Applying Artificial Intelligence in Individualized Treatment of Breast Cancer
Medical diagnosis in the case of cancer requires a careful approach to patient data. It is important to consider, for example, risk factors, tumor characteristics, or tumor phenotype. This information determines the diagnosis and the most effective treatment in each individual case.
Researchers at the Mayo Clinic decided to determine whether this data could still be used in some way. Cancer is known to differ in its genome and phenotype, but research in this area, as well as diagnosis and treatment, is based on average risk factors.
Data from 90 patients with breast cancer were studied to indicate the future use of this information. The presence of mutations triggered by the disease was also noted in all of the subjects. After reviewing the information, the researchers concluded that about half of the patients’ biological data was missing, which represents a huge potential to study the disease on a case-by-case basis using the most accurate treatment.
Using a statistical method, the scientists projected the impact of random factors on the onset and course of the disease. The generated gene map was then matched to each patient’s disease. In this way, the researchers were able to determine the role of genes in the course of the disease. The same gene can affect patients in completely different ways.

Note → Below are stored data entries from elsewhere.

(* Consider an irreducible Markov chain on $n$ states whose transition probabilities are rational numbers whose denominators all divide a positive integer $M$. Let $k\le n$ be the number of states having at least two possible successors (i.e. at least two states reachable in one step with positive probability). Let $\pi\in(0,1]^n$ be the invariant probability measure of the chain. Then the least common denominator of the rational numbers $\pi_1,\dots,\pi_n$ is at most $n M^{\min\{k,n-1\}}$. *)

theory Defs
  imports Complex_Main
begin

definition stochastic_matrix :: "nat \<Rightarrow> (nat \<Rightarrow> nat \<Rightarrow> real) \<Rightarrow> bool" where
  "stochastic_matrix n P \<longleftrightarrow>
     (\<forall>i<n. \<forall>j<n. P i j \<ge> 0) \<and> (\<forall>i<n. (\<Sum>j<n. P i j) = 1)"

definition trans_graph :: "nat \<Rightarrow> (nat \<Rightarrow> nat \<Rightarrow> real) \<Rightarrow> (nat \<times> nat) set" where
  "trans_graph n P = {(i, j). i < n \<and> j < n \<and> P i j > 0}"

definition irreducible_chain :: "nat \<Rightarrow> (nat \<Rightarrow> nat \<Rightarrow> real) \<Rightarrow> bool" where
  "irreducible_chain n P \<longleftrightarrow> (\<forall>i<n. \<forall>j<n. (i, j) \<in> (trans_graph n P)\<^sup>+)"

definition invariant_distribution :: "nat \<Rightarrow> (nat \<Rightarrow> nat \<Rightarrow> real) \<Rightarrow> (nat \<Rightarrow> real) \<Rightarrow> bool" where
  "invariant_distribution n P \<pi> \<longleftrightarrow>
     (\<forall>i<n. \<pi> i \<ge> 0) \<and> (\<Sum>i<n. \<pi> i) = 1 \<and>
     (\<forall>j<n. (\<Sum>i<n. \<pi> i * P i j) = \<pi> j)"

definition branching_states :: "nat \<Rightarrow> (nat \<Rightarrow> nat \<Rightarrow> real) \<Rightarrow> nat" where
  "branching_states n P = card {i. i < n \<and> card {j. j < n \<and> P i j > 0} \<ge> 2}"

text \<open>Least common denominator of the numbers x 0, ..., x (n-1) (meaningful when all are rational).\<close>
definition lcd :: "nat \<Rightarrow> (nat \<Rightarrow> real) \<Rightarrow> nat" where
  "lcd n x = (LEAST d::nat. d > 0 \<and> (\<forall>i<n. real d * x i \<in> \<int>))"

end

theory Submission
  imports Defs "HOL-Library.FuncSet"
begin

text \<open>The proof goes through the Markov chain tree theorem. For a root r let tree_sum r be the sum,
  over all spanning trees directed towards r, of the product of the transition probabilities along
  the tree edges. These numbers satisfy the balance equations, so for an irreducible chain the
  invariant distribution is their normalisation. Each tree has n - 1 edges, and an edge leaving a
  state with a single successor has probability 1, so M^min{k, n-1} clears the denominators of every
  tree_sum r. Finally every tree_sum r is at most 1, since the trees rooted at r form a subfamily
  of all choices of one successor per non-root state, whose total weight is 1.\<close>

definition reaching_maps :: "nat \<Rightarrow> nat \<Rightarrow> (nat \<Rightarrow> nat) set" where
  "reaching_maps n r = {g \<in> {..<n} \<rightarrow>\<^sub>E {..<n}. \<forall>v<n. \<exists>m. (g ^^ m) v = r}"

text \<open>A spanning tree of {..<n} directed towards r, encoded by its parent map; the root is
  its own parent.\<close>
definition rooted_trees :: "nat \<Rightarrow> nat \<Rightarrow> (nat \<Rightarrow> nat) set" where
  "rooted_trees n r = {T \<in> reaching_maps n r. T r = r}"

definition tree_weight :: "nat \<Rightarrow> (nat \<Rightarrow> nat \<Rightarrow> real) \<Rightarrow> nat \<Rightarrow> (nat \<Rightarrow> nat) \<Rightarrow> real" where
  "tree_weight n P r T = (\<Prod>v\<in>{..<n} - {r}. P v (T v))"

definition tree_sum :: "nat \<Rightarrow> (nat \<Rightarrow> nat \<Rightarrow> real) \<Rightarrow> nat \<Rightarrow> real" where
  "tree_sum n P r = (\<Sum>T\<in>rooted_trees n r. tree_weight n P r T)"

Moreover, this individual genetic map makes it possible to study the combination of drugs. Patients with identical diagnoses differed in their unique genetic sets and, as a result, in their treatment methods. This approach makes it possible to use individualized medicine successfully in further, larger-scale, studies.

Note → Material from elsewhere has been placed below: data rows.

lemma ols_coefficients:
  assumes "0 < treated_prob" "treated_prob < 1"
  shows "matrix_inv (\<chi> i j. \<integral>\<omega>. Xvec X2 \<omega> $ i * Xvec X2 \<omega> $ j \<partial>M)
      *v (\<chi> i. \<integral>\<omega>. Xvec X2 \<omega> $ i * g (Xvec X2 \<omega>) \<partial>M)
    = vector [g (vector [1, 0]), g (vector [1, 1]) - g (vector [1, 0])]"
proof -
  define c0 d where "c0 = g (vector [1, 0])" and "d = g (vector [1, 1]) - g (vector [1, 0])"
  define A where "A = (\<chi> i j. \<integral>\<omega>. Xvec X2 \<omega> $ i * Xvec X2 \<omega> $ j \<partial>M)"
  have X_1: "Xvec X2 \<omega> $ 1 = 1" and X_2: "Xvec X2 \<omega> $ 2 = X2 \<omega>" for \<omega>
    by (simp_all add: Xvec_def)
  have A: "A $ 1 $ 1 = 1" "A $ 1 $ 2 = treated_prob" "A $ 2 $ 1 = treated_prob" "A $ 2 $ 2 = treated_prob"
    unfolding A_def by (simp_all add: X_1 X_2 integral_X2 integral_X2_square prob_space)
  have Eg: "(\<integral>\<omega>. g (Xvec X2 \<omega>) \<partial>M) = c0 + d * treated_prob"
  proof -
    have "(\<integral>\<omega>. g (Xvec X2 \<omega>) \<partial>M) = (\<integral>\<omega>. c0 + d * X2 \<omega> \<partial>M)"
      by (rule Bochner_Integration.integral_cong) (simp_all add: fun_Xvec_eq_affine c0_def d_def)
    then show ?thesis by (simp add: integral_X2 prob_space)
  qed
  have EX2g: "(\<integral>\<omega>. X2 \<omega> * g (Xvec X2 \<omega>) \<partial>M) = c0 * treated_prob + d * treated_prob"
  proof -
    have "(\<integral>\<omega>. X2 \<omega> * g (Xvec X2 \<omega>) \<partial>M) = (\<integral>\<omega>. c0 * X2 \<omega> + d * (X2 \<omega> * X2 \<omega>) \<partial>M)"
      by (rule Bochner_Integration.integral_cong) (simp_all add: fun_Xvec_eq_affine c0_def d_def algebra_simps)
    then show ?thesis
      using integrable_X2_square by (simp add: integral_X2 integral_X2_square)
  qed
  have moments: "(\<chi> i. \<integral>\<omega>. Xvec X2 \<omega> $ i * g (Xvec X2 \<omega>) \<partial>M) = A *v vector [c0, d]"
    by (simp add: vec_eq_iff forall_2 matrix_vector_mult_def sum_2 A X_1 X_2 Eg EX2g algebra_simps)
  have "det A = treated_prob * (1 - treated_prob)"
    by (simp add: det_2 A algebra_simps)
  then have "invertible A"
    using assms by (simp add: invertible_det_nz)
  then show ?thesis
    unfolding moments A_def[symmetric] c0_def d_def by (rule matrix_inv_mult_vector_cancel)
qed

In the case of cancer, the study of genes or proteins alone is not sufficient to determine its characteristics. The synergistic functioning of the different body systems requires a comprehensive analysis in order to make more use of multi-domain data. It is artificial intelligence that satisfies the need to analyze such large-scale data with predictive capabilities.
The analysis of genetic data in this study was carried out using a personalized mutation analyzer, which is the basis for a future artificial intelligence platform. The analyzer provides the input data that encodes the patient’s medical history, thereby creating robust artificial intelligence algorithms.
Future work on the project includes refining the analyzer and testing its effectiveness in other diseases.